Cancel_Literatura_NarrativaEs riesgoso exponer datos, nombres y productos de lo inmediato. El tiempo se encarga de ir borrando muchos de estos expositores porque abandonan la producción, se dedican a otras disciplinas, destruyen las obras al renegar de ellas y se olvidan. Con el tiempo también desaparecen las obras en tablilleros de bibliotecas públicas y privadas, engavetadas y archivadas por la desidia, el prejuicio, la mala fe y la ignorancia. Por eso, cuando no existen obras que articulan la producción actual, la mayoría de estos nombres recientes se vuelven crasa información de volúmenes que sólo conocen  los estudiosos y los curiosos de la historia literaria. El texto intenta romper con aquellos patrones.

Cancel tiene argumentos válidos para ganar nuestra atención, también cuenta con un bagaje cultural que le da autoridad para opinar sobre las obras y su posición en el espacio de las letras.
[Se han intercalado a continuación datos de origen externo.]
lemma is_domain_insert:
  assumes D: "is_domain d D" and x: "x \<in> D" and xy: "tree_adj d x y"
  shows "is_domain d (insert y D)"
proof -
  let ?R' = "\<lambda>u v. u \<in> insert y D \<and> v \<in> insert y D \<and> tree_adj d u v"
  have lift: "?R'\<^sup>*\<^sup>* u v" if "u \<in> D" "v \<in> D" for u v
    using domain_rtranclp[OF D that] by (rule rtranclp_mono[THEN predicate2D, rotated]) auto
  have "?R' x y" "?R' y x" using x xy tree_adj_sym[of d x y] by auto
  then have "?R'\<^sup>*\<^sup>* u x" "?R'\<^sup>*\<^sup>* x u" if "u \<in> insert y D" for u
    using that lift[of u x] lift[of x u] x by auto
  then have conn: "?R'\<^sup>*\<^sup>* u v" if "u \<in> insert y D" "v \<in> insert y D" for u v
    using that by (meson rtranclp_trans)
  have "finite (insert y D)" "insert y D \<subseteq> tree_vert d"
    using D xy unfolding is_domain_def tree_adj_def by auto
  then show ?thesis unfolding is_domain_def using conn by (intro conjI ballI) auto
qed

lemma degD_insert:
  assumes "finite D" and "y \<notin> D" and "x \<in> D"
  shows "degD d (insert y D) x = degD d D x + (if tree_adj d x y then 1 else 0)"
proof -
  have "{z \<in> insert y D. tree_adj d x z} =
      (if tree_adj d x y then insert y {z \<in> D. tree_adj d x z} else {z \<in> D. tree_adj d x z})"
    using assms(2,3) by auto
  then show ?thesis unfolding degD_def using assms by simp
qed

lemma degD_insert_new: "degD d (insert y D) y = card {z \<in> D. tree_adj d z y}"
proof -
  have "{z \<in> insert y D. tree_adj d y z} = {z \<in> D. tree_adj d z y}"
    using tree_adj_irrefl[of d y] tree_adj_sym[of d y] by blast
  then show ?thesis unfolding degD_def by simp
qed

text \<open>Read off from the degree sums of D and of insert y D.\<close>

lemma neighbours_of_new_vertex:
  assumes D: "is_domain d D" and x: "x \<in> D" and xy: "tree_adj d x y" and y: "y \<notin> D"
  shows "{z \<in> D. tree_adj d z y} = {x}"
proof -
  have fin: "finite D" using D unfolding is_domain_def by simp
  let ?N = "{z \<in> D. tree_adj d z y}"
  have "2 * card D = (\<Sum>z\<in>insert y D. degD d (insert y D) z)"
    using sum_degD[OF is_domain_insert[OF D x xy]] fin y by simp
  also have "\<dots> = card ?N + (\<Sum>z\<in>D. degD d (insert y D) z)"
    using fin y degD_insert_new by simp
  also have "(\<Sum>z\<in>D. degD d (insert y D) z) = (\<Sum>z\<in>D. degD d D z) + card ?N"
  proof -
    have "(\<Sum>z\<in>D. degD d (insert y D) z) = (\<Sum>z\<in>D. degD d D z + (if tree_adj d z y then 1 else 0))"
      using y by (intro sum.cong refl) (auto simp: degD_insert[OF fin y])
    then show ?thesis using fin by (simp add: sum.distrib card_filter_eq_sum)
  qed
  finally have "2 * card D = 2 * card ?N + 2 * (card D - 1)"
    using sum_degD[OF D] by simp
  moreover have "card D \<noteq> 0" using x fin by auto
  ultimately have "card ?N = 1" by linarith
  moreover have "x \<in> ?N" using x xy by simp
  ultimately show ?thesis by (metis card_1_singletonE singletonD)
qed

lemma bdry_nonempty:
  assumes "2 \<le> d" and D: "is_domain d D"
  shows "bdry d D \<noteq> {}"
proof
  assume "bdry d D = {}"
  then have "d \<le> degD d D x" if "x \<in> D" for x using that unfolding bdry_def by auto
  then have "card D * d \<le> 2 * (card D - 1)"
    using sum_bounded_below[of D d "degD d D"] sum_degD[OF D] by simp
  moreover have "card D \<noteq> 0" using D unfolding is_domain_def by simp
  moreover have "card D * 2 \<le> card D * d" using \<open>2 \<le> d\<close> by simp
  ultimately show False by linarith
qed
Demuestra que ha buscado con interés, que ha vivido experiencias enriquecedoras, tanto con las obras, como observador, y como crítico y conocedor de los intereses de los autores. También ha reflexionado sobre los procesos históricos en que se han producido las obras.

El volumen comienza con lo que llama “Una aclaración (in)necesaria.” Nos aclara que la universidad no es un foro que propicie la discusión de las obras recientes, por lo tanto entiende que su texto ayuda a rellenar esta vacío, aunque reconoce que la universidad no es el único foro válido con el que se deba contar para este propósito. Su examen, necesita aclarar, no es uno de tipo autoritario, para el cual una ausencia es un juicio de valor. También prefiere abordar obras que no están escritas por las personalidades más discutidas en los medios académicos. Esta preferencia es de gran relevancia porque muchos de los textos con nombres tan inclusivos como Literatura o Narrativa puertorriqueña solamente incluyen dos o tres figuras, las que ya todo el mundo conoce, e ignoran el resto de la producción, la que muchísimas veces merece tan siquiera el reconocimiento del esfuerzo realizado.
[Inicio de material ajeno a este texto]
(* Let $F\subseteq P_{3,4}$ be a face and $J\subseteq J_F$ a linear subspace of codimension $1$ in $J_F$ with basis $q_1,\dots,q_k$. If there exists $h\in J_F\setminus J$ such that $q_1^2+\dots+q_k^2-\epsilon h^2$ is not nonnegative on $\mathbb P^2(\mathbb R)$ for every $\epsilon>0$, then there is a face $G\subsetneq F$ with $J=J_G$.
   Context: $H_k\subseteq\mathbb R[x,y,z]$: real ternary forms of degree $k$; $P_{3,4}=\{f\in H_4: f\ge0\text{ on }\mathbb P^2(\mathbb R)\}$. A face of $P_{3,4}$ is a convex subcone $F$ such that $a,b\in P_{3,4}$, $a+b\in F$ imply $a,b\in F$. For a face $F$, $J_F=\{q\in H_2:q^2\in F\}$ (a linear subspace). *)

theory Defs
  imports Complex_Main
begin

text \<open>Real ternary forms are represented by their polynomial functions
  \<open>\<real>\<^sup>3 \<rightarrow> \<real>\<close> (faithful, as \<open>\<real>\<close> is infinite).\<close>
type_synonym form = "real \<Rightarrow> real \<Rightarrow> real \<Rightarrow> real"

definition H :: "nat \<Rightarrow> form set" where
  "H k = {f. \<exists>c :: nat \<Rightarrow> nat \<Rightarrow> real. \<forall>x y z.
      f x y z = (\<Sum>a\<le>k. \<Sum>b\<le>k - a. c a b * x ^ a * y ^ b * z ^ (k - a - b))}"

definition P34 :: "form set" where
  "P34 = {f \<in> H 4. \<forall>x y z. f x y z \<ge> 0}"

definition is_face :: "form set \<Rightarrow> bool" where
  "is_face F \<longleftrightarrow> F \<subseteq> P34 \<and> F \<noteq> {}
     \<and> (\<forall>a\<in>F. \<forall>b\<in>F. (\<lambda>x y z. a x y z + b x y z) \<in> F)
     \<and> (\<forall>t::real. t \<ge> 0 \<longrightarrow> (\<forall>a\<in>F. (\<lambda>x y z. t * a x y z) \<in> F))
     \<and> (\<forall>a\<in>P34. \<forall>b\<in>P34. (\<lambda>x y z. a x y z + b x y z) \<in> F \<longrightarrow> a \<in> F \<and> b \<in> F)"

definition JF :: "form set \<Rightarrow> form set" where
  "JF F = {q \<in> H 2. (\<lambda>x y z. (q x y z)^2) \<in> F}"

definition span_list :: "form list \<Rightarrow> form set" where
  "span_list qs = {(\<lambda>x y z. \<Sum>i<length qs. c i * (qs ! i) x y z) | c :: nat \<Rightarrow> real. True}"

definition lin_indep_list :: "form list \<Rightarrow> bool" where
  "lin_indep_list qs \<longleftrightarrow> (\<forall>c :: nat \<Rightarrow> real.
     (\<forall>x y z. (\<Sum>i<length qs. c i * (qs ! i) x y z) = 0) \<longrightarrow> (\<forall>i<length qs. c i = 0))"

definition is_basis_of :: "form list \<Rightarrow> form set \<Rightarrow> bool" where
  "is_basis_of qs J \<longleftrightarrow> lin_indep_list qs \<and> span_list qs = J"

definition codim1_in :: "form set \<Rightarrow> form set \<Rightarrow> bool" where
  "codim1_in J V \<longleftrightarrow> J \<subseteq> V
     \<and> (\<exists>g\<in>V. g \<notin> J \<and> V = {(\<lambda>x y z. j x y z + t * g x y z) | j t. j \<in> J})"

end

theory Submission
  imports Defs "HOL-Analysis.Convex"
begin

(* Let f = q_1^2 + ... + q_k^2.  Since every q_i lies in J \<subseteq> J_F,
   f belongs to F.  Take G to be the face of P_{3,4} generated by f: the
   nonnegative quartics g with g \<le> L * f for some L \<ge> 0.  G is a face contained
   in F; by Cauchy-Schwarz every q \<in> J has q^2 \<le> L * f, so J \<subseteq> J_G.  The
   hypothesis on h says exactly that h^2 is not dominated by f, hence h^2 \<notin> G
   and G \<subset> F.  Finally the forms whose square is dominated by f form a linear
   space; it contains J and J_G but not h, and since J has codimension one in
   J_F this forces J_G \<subseteq> J. *)

lemma H_lin:
  assumes "a \<in> H k" "b \<in> H k"
  shows "(\<lambda>x y z. s * a x y z + t * b x y z) \<in> H k"
proof -
  obtain ca where ca: "\<forall>x y z. a x y z = (\<Sum>i\<le>k. \<Sum>j\<le>k - i. ca i j * x ^ i * y ^ j * z ^ (k - i - j))"
    using assms(1) unfolding H_def by blast
  obtain cb where cb: "\<forall>x y z. b x y z = (\<Sum>i\<le>k. \<Sum>j\<le>k - i. cb i j * x ^ i * y ^ j * z ^ (k - i - j))"
    using assms(2) unfolding H_def by blast
  show ?thesis unfolding H_def
  proof (intro CollectI exI allI)
    fix x y z :: real
    show "s * a x y z + t * b x y z
        = (\<Sum>i\<le>k. \<Sum>j\<le>k - i. (s * ca i j + t * cb i j) * x ^ i * y ^ j * z ^ (k - i - j))"
      by (simp add: ca cb sum_distrib_left sum.distrib[symmetric] algebra_simps)
  qed
qed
Realizada la aclaración, discurre sobre el contexto en que se manifestó originalmente la Generación del 80, sus diferencias y deudas con la del 70. Afirma que esta Generación del 80 se creó en medio de una crisis similar a la sufrida por las generaciones del 60 y del 70. Su producción se da en una época post industrial que ocupa la mitad de la siguiente, la del 90. Los creadores del 80 pasaron por una etapa de transición que los hizo producir, de forma similar a los intereses de la anterior generación, una literatura testimonial, de ataque contra el capitalismo deformante y cosificador, de radicalización de procedimientos escriturales, de ataque a los medios y a la sociedad de consumo. Entre los nombres más destacados de tales cruces  generacionales se destacaron Edgardo Rodríguez Juliá y Luis López Nieves, los que desarrollaron “una querella contra los procedimientos interpretativos del pasado”, (p.12).

mario_cancel_lectorHacia 1985 hubo un retorno a la cultura “iconocéntrica” o de dominio de la imagen, resultado de la filosofía cuántica y relativista que desarrolló la inteligencia artificial. Esta etapa es de hiperconsumo extremo, que afectó toda producción inteligente en la época de la globalización (p.24-35). Tales interpretaciones se desarrollan en el apartado “De la tardomodernidad a la postmodernidad: una etapa de teoría cultural. Los autores se transforman con la revolución de la Internet, circunstancia que reforzó la identidad generacional.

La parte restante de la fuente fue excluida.